◆ DESCRIPTION OF THE TASK ◆
Below are some entries. Repeat exactly the lines from the one with "poly (q - L) z" through the one with "1) = u powr", and only those.

Records contained in a dataset:
※

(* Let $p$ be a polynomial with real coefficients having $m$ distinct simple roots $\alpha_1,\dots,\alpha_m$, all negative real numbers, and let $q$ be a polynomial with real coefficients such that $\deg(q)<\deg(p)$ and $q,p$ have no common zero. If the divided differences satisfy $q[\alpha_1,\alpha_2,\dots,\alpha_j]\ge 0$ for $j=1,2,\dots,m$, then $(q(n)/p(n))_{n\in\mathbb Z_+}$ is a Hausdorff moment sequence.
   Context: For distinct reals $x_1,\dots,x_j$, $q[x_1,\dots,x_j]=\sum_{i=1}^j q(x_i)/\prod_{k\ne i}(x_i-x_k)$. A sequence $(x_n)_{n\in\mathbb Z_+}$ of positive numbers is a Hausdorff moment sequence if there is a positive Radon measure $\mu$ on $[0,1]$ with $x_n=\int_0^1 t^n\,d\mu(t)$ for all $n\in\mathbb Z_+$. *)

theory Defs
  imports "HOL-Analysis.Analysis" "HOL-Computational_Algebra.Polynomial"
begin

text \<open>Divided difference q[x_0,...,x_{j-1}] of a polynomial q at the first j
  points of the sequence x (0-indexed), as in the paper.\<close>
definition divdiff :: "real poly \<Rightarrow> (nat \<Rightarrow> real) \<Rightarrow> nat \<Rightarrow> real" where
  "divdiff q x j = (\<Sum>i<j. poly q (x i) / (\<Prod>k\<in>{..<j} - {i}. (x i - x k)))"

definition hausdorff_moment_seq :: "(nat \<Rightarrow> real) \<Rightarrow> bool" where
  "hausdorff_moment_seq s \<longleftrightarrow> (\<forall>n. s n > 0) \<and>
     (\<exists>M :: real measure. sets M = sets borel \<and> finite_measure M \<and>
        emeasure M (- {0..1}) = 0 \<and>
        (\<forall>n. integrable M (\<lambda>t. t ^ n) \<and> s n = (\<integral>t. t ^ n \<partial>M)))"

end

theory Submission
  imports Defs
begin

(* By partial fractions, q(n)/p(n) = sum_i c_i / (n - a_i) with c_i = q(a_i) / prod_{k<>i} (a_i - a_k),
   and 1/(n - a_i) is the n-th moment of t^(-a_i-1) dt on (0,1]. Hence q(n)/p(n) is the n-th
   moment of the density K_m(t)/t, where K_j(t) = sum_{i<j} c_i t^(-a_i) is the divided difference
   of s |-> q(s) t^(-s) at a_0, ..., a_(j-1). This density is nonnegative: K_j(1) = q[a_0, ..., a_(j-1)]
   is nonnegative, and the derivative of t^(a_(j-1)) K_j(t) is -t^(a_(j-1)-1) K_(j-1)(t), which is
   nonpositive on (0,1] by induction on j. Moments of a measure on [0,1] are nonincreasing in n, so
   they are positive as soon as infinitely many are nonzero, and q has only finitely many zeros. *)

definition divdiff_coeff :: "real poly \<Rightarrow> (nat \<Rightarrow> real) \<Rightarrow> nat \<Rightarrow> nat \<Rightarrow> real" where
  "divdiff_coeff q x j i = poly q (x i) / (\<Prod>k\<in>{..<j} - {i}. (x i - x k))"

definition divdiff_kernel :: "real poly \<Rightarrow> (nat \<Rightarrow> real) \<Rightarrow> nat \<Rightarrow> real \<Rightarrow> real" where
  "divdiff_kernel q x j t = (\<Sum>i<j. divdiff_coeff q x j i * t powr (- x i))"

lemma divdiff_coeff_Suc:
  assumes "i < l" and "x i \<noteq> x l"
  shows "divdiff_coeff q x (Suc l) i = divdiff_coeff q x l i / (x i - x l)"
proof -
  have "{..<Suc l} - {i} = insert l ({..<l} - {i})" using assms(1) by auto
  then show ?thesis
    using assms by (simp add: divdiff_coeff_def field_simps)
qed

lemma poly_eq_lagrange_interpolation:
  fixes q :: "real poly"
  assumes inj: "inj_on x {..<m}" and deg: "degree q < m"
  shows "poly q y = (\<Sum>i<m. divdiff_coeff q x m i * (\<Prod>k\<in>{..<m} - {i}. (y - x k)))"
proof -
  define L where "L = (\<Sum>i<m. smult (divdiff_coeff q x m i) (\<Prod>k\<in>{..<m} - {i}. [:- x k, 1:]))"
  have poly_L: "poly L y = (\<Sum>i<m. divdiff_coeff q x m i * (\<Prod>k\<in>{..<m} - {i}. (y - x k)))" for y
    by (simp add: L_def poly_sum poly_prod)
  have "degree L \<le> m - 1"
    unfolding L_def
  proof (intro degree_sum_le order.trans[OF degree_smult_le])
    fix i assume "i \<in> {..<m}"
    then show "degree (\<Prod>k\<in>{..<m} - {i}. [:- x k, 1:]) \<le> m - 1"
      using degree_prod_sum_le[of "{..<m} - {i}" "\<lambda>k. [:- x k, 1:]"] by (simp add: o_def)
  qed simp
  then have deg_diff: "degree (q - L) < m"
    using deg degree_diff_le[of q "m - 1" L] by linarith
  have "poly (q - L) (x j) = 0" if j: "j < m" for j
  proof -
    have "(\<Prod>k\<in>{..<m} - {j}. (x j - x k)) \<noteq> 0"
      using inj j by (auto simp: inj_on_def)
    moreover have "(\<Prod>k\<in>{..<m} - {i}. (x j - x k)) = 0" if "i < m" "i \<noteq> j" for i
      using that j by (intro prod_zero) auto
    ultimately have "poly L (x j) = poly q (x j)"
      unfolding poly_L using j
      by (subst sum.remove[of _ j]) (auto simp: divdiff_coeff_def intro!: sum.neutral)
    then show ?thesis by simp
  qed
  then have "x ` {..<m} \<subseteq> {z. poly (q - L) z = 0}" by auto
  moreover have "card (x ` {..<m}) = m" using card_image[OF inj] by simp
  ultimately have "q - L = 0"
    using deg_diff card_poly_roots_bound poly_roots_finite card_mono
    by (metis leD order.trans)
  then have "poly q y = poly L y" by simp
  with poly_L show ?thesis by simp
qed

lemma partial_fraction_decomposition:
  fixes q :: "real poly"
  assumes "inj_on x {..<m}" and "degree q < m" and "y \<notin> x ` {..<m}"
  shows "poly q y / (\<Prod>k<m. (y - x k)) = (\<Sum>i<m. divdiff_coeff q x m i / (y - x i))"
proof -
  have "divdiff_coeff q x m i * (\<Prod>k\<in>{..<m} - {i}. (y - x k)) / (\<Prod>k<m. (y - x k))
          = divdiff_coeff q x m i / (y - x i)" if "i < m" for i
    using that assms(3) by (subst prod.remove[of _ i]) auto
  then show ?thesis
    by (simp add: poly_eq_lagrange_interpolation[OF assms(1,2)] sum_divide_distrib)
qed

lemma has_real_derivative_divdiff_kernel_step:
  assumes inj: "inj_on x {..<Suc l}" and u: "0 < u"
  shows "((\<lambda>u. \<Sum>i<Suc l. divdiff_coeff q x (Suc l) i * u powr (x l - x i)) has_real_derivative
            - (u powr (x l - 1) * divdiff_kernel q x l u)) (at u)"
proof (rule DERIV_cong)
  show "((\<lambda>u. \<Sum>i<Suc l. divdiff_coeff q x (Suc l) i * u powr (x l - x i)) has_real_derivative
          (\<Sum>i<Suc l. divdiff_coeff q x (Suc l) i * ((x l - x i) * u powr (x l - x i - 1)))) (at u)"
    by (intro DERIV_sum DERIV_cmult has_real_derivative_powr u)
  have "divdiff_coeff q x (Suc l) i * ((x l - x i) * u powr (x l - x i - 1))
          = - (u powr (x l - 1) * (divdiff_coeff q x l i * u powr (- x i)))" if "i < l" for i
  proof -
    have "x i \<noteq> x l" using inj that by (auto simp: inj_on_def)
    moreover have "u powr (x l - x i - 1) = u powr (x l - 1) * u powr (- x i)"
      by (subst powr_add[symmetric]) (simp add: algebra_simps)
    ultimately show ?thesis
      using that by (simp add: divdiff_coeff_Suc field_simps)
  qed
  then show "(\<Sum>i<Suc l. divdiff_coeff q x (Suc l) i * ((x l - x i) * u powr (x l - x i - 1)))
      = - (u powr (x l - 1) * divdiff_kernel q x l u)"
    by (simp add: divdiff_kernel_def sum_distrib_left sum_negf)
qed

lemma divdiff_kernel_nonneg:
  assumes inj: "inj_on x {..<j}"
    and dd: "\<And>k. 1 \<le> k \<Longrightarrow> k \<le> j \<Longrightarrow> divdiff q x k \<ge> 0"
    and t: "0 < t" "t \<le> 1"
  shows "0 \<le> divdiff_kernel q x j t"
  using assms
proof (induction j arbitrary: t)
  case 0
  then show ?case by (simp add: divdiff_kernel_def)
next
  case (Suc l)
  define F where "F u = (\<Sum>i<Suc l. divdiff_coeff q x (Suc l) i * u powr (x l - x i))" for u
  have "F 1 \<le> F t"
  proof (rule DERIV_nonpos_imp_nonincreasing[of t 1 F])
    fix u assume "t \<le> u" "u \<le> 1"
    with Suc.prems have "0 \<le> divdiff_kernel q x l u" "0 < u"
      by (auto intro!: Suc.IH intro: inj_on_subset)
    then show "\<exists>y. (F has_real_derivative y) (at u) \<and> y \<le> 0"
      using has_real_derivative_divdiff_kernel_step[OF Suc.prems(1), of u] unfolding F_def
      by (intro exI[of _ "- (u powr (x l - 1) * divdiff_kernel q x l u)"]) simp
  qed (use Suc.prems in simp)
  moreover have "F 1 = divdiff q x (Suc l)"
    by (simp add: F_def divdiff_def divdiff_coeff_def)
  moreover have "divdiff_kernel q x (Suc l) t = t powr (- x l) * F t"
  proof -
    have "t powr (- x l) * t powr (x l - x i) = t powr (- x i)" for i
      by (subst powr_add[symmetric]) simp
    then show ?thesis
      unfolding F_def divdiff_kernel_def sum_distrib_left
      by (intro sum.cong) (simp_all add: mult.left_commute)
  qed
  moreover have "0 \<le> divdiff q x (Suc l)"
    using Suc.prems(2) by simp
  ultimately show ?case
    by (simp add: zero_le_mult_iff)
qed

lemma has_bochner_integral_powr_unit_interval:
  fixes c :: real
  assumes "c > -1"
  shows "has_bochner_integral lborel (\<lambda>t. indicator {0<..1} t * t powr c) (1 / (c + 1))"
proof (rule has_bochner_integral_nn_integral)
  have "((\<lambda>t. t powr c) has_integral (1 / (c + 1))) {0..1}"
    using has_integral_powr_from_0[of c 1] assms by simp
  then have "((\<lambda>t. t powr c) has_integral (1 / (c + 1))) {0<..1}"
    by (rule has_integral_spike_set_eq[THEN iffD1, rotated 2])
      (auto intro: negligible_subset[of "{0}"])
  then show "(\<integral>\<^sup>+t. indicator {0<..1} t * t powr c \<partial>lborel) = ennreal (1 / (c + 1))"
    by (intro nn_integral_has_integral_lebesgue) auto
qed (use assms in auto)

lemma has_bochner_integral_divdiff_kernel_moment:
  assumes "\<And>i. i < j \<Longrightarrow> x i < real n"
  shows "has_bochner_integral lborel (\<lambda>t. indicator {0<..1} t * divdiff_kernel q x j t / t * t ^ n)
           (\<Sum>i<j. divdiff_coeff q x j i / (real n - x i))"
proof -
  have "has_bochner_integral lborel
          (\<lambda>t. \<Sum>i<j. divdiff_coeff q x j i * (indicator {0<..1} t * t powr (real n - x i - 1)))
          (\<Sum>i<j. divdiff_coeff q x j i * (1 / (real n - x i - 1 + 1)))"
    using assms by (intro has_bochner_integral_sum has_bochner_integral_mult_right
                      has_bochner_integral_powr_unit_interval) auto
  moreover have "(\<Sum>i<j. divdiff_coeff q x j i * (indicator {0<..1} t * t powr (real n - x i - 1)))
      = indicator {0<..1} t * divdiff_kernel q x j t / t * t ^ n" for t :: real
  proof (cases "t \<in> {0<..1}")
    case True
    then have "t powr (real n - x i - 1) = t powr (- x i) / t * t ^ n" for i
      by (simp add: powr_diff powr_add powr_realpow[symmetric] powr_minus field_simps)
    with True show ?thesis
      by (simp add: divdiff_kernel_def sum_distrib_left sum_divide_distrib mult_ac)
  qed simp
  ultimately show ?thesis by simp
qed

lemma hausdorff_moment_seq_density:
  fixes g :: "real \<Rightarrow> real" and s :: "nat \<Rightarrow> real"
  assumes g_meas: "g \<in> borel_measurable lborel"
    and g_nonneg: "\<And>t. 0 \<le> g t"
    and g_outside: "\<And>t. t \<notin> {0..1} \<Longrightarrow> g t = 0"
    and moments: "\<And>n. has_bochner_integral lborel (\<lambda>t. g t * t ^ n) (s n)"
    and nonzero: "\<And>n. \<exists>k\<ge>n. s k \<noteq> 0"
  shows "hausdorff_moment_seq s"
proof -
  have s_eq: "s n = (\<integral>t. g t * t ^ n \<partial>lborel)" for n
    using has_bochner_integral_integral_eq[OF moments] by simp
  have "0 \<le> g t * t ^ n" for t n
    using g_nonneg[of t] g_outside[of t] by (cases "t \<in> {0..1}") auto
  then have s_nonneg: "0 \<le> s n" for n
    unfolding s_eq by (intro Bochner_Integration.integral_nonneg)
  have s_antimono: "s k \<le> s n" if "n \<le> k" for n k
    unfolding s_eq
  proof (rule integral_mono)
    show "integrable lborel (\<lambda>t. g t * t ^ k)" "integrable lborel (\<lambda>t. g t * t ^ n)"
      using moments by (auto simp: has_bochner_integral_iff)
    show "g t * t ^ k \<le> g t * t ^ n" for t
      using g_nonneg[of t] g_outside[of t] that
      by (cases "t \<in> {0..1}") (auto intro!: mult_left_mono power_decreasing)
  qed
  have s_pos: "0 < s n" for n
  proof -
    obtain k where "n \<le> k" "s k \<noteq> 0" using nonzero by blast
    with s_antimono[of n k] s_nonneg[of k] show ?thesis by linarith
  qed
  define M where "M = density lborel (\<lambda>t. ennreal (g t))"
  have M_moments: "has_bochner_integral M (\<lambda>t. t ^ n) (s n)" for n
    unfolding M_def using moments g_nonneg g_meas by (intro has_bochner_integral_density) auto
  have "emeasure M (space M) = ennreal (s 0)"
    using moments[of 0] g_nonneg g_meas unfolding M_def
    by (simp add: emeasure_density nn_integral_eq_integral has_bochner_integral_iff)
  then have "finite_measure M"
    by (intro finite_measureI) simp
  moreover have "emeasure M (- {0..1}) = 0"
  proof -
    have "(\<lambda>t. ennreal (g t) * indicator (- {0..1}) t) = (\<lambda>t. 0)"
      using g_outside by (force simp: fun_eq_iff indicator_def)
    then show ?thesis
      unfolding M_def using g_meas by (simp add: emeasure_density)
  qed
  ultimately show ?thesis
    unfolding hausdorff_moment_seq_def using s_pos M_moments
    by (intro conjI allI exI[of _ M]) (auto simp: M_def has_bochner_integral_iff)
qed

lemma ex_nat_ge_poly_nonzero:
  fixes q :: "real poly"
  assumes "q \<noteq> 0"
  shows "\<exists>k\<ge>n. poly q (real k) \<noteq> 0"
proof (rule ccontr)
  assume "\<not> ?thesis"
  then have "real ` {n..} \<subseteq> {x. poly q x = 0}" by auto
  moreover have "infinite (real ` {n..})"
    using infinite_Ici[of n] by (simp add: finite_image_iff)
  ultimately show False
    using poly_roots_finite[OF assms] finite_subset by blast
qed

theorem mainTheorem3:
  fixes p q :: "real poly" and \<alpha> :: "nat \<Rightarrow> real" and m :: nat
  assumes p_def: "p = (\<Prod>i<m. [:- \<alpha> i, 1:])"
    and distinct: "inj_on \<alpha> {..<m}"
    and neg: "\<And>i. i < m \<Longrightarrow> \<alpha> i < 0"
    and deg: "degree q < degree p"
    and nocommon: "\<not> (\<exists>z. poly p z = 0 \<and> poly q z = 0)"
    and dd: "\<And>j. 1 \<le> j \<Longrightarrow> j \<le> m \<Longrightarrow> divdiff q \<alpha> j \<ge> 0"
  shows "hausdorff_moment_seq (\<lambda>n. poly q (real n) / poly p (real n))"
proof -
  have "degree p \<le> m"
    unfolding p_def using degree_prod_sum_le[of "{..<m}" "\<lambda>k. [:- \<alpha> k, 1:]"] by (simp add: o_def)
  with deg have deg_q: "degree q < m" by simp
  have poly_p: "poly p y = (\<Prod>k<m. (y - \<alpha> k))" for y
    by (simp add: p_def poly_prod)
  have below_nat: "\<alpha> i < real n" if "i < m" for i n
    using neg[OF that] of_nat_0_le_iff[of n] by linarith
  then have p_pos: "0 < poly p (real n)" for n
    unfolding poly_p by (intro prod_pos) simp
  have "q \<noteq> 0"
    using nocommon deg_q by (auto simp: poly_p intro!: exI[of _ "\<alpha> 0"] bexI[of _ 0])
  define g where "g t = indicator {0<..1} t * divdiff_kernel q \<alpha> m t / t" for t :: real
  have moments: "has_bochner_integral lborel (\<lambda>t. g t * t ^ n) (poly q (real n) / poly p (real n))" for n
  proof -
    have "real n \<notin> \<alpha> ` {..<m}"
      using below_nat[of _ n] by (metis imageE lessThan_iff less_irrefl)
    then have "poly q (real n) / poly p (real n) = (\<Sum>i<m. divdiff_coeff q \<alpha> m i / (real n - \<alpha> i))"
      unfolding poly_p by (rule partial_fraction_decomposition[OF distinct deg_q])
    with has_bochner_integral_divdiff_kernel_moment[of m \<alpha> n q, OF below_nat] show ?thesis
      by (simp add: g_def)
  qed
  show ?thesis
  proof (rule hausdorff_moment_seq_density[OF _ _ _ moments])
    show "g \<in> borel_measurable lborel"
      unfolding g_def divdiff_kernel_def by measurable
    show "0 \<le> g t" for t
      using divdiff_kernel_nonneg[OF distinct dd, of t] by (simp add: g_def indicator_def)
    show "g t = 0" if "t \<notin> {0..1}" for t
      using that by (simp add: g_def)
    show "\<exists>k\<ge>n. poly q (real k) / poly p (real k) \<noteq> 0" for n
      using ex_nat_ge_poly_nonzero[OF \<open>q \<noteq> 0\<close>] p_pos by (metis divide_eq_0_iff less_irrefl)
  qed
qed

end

※

◆ TASK RESPONSE ◆
  then have "x ` {..<m} \<subseteq> {z. poly (q - L) z = 0}" by auto
  moreover have "card (x ` {..<m}) = m" using card_image[OF inj] by simp
  ultimately have "q - L = 0"
    using deg_diff card_poly_roots_bound poly_roots_finite card_mono
    by (metis leD order.trans)
  then have "poly q y = poly L y" by simp
  with poly_L show ?thesis by simp
qed

lemma partial_fraction_decomposition:
  fixes q :: "real poly"
  assumes "inj_on x {..<m}" and "degree q < m" and "y \<notin> x ` {..<m}"
  shows "poly q y / (\<Prod>k<m. (y - x k)) = (\<Sum>i<m. divdiff_coeff q x m i / (y - x i))"
proof -
  have "divdiff_coeff q x m i * (\<Prod>k\<in>{..<m} - {i}. (y - x k)) / (\<Prod>k<m. (y - x k))
          = divdiff_coeff q x m i / (y - x i)" if "i < m" for i
    using that assms(3) by (subst prod.remove[of _ i]) auto
  then show ?thesis
    by (simp add: poly_eq_lagrange_interpolation[OF assms(1,2)] sum_divide_distrib)
qed

lemma has_real_derivative_divdiff_kernel_step:
  assumes inj: "inj_on x {..<Suc l}" and u: "0 < u"
  shows "((\<lambda>u. \<Sum>i<Suc l. divdiff_coeff q x (Suc l) i * u powr (x l - x i)) has_real_derivative
            - (u powr (x l - 1) * divdiff_kernel q x l u)) (at u)"
proof (rule DERIV_cong)
  show "((\<lambda>u. \<Sum>i<Suc l. divdiff_coeff q x (Suc l) i * u powr (x l - x i)) has_real_derivative
          (\<Sum>i<Suc l. divdiff_coeff q x (Suc l) i * ((x l - x i) * u powr (x l - x i - 1)))) (at u)"
    by (intro DERIV_sum DERIV_cmult has_real_derivative_powr u)
  have "divdiff_coeff q x (Suc l) i * ((x l - x i) * u powr (x l - x i - 1))
          = - (u powr (x l - 1) * (divdiff_coeff q x l i * u powr (- x i)))" if "i < l" for i
  proof -
    have "x i \<noteq> x l" using inj that by (auto simp: inj_on_def)
    moreover have "u powr (x l - x i - 1) = u powr (x l - 1) * u powr (- x i)"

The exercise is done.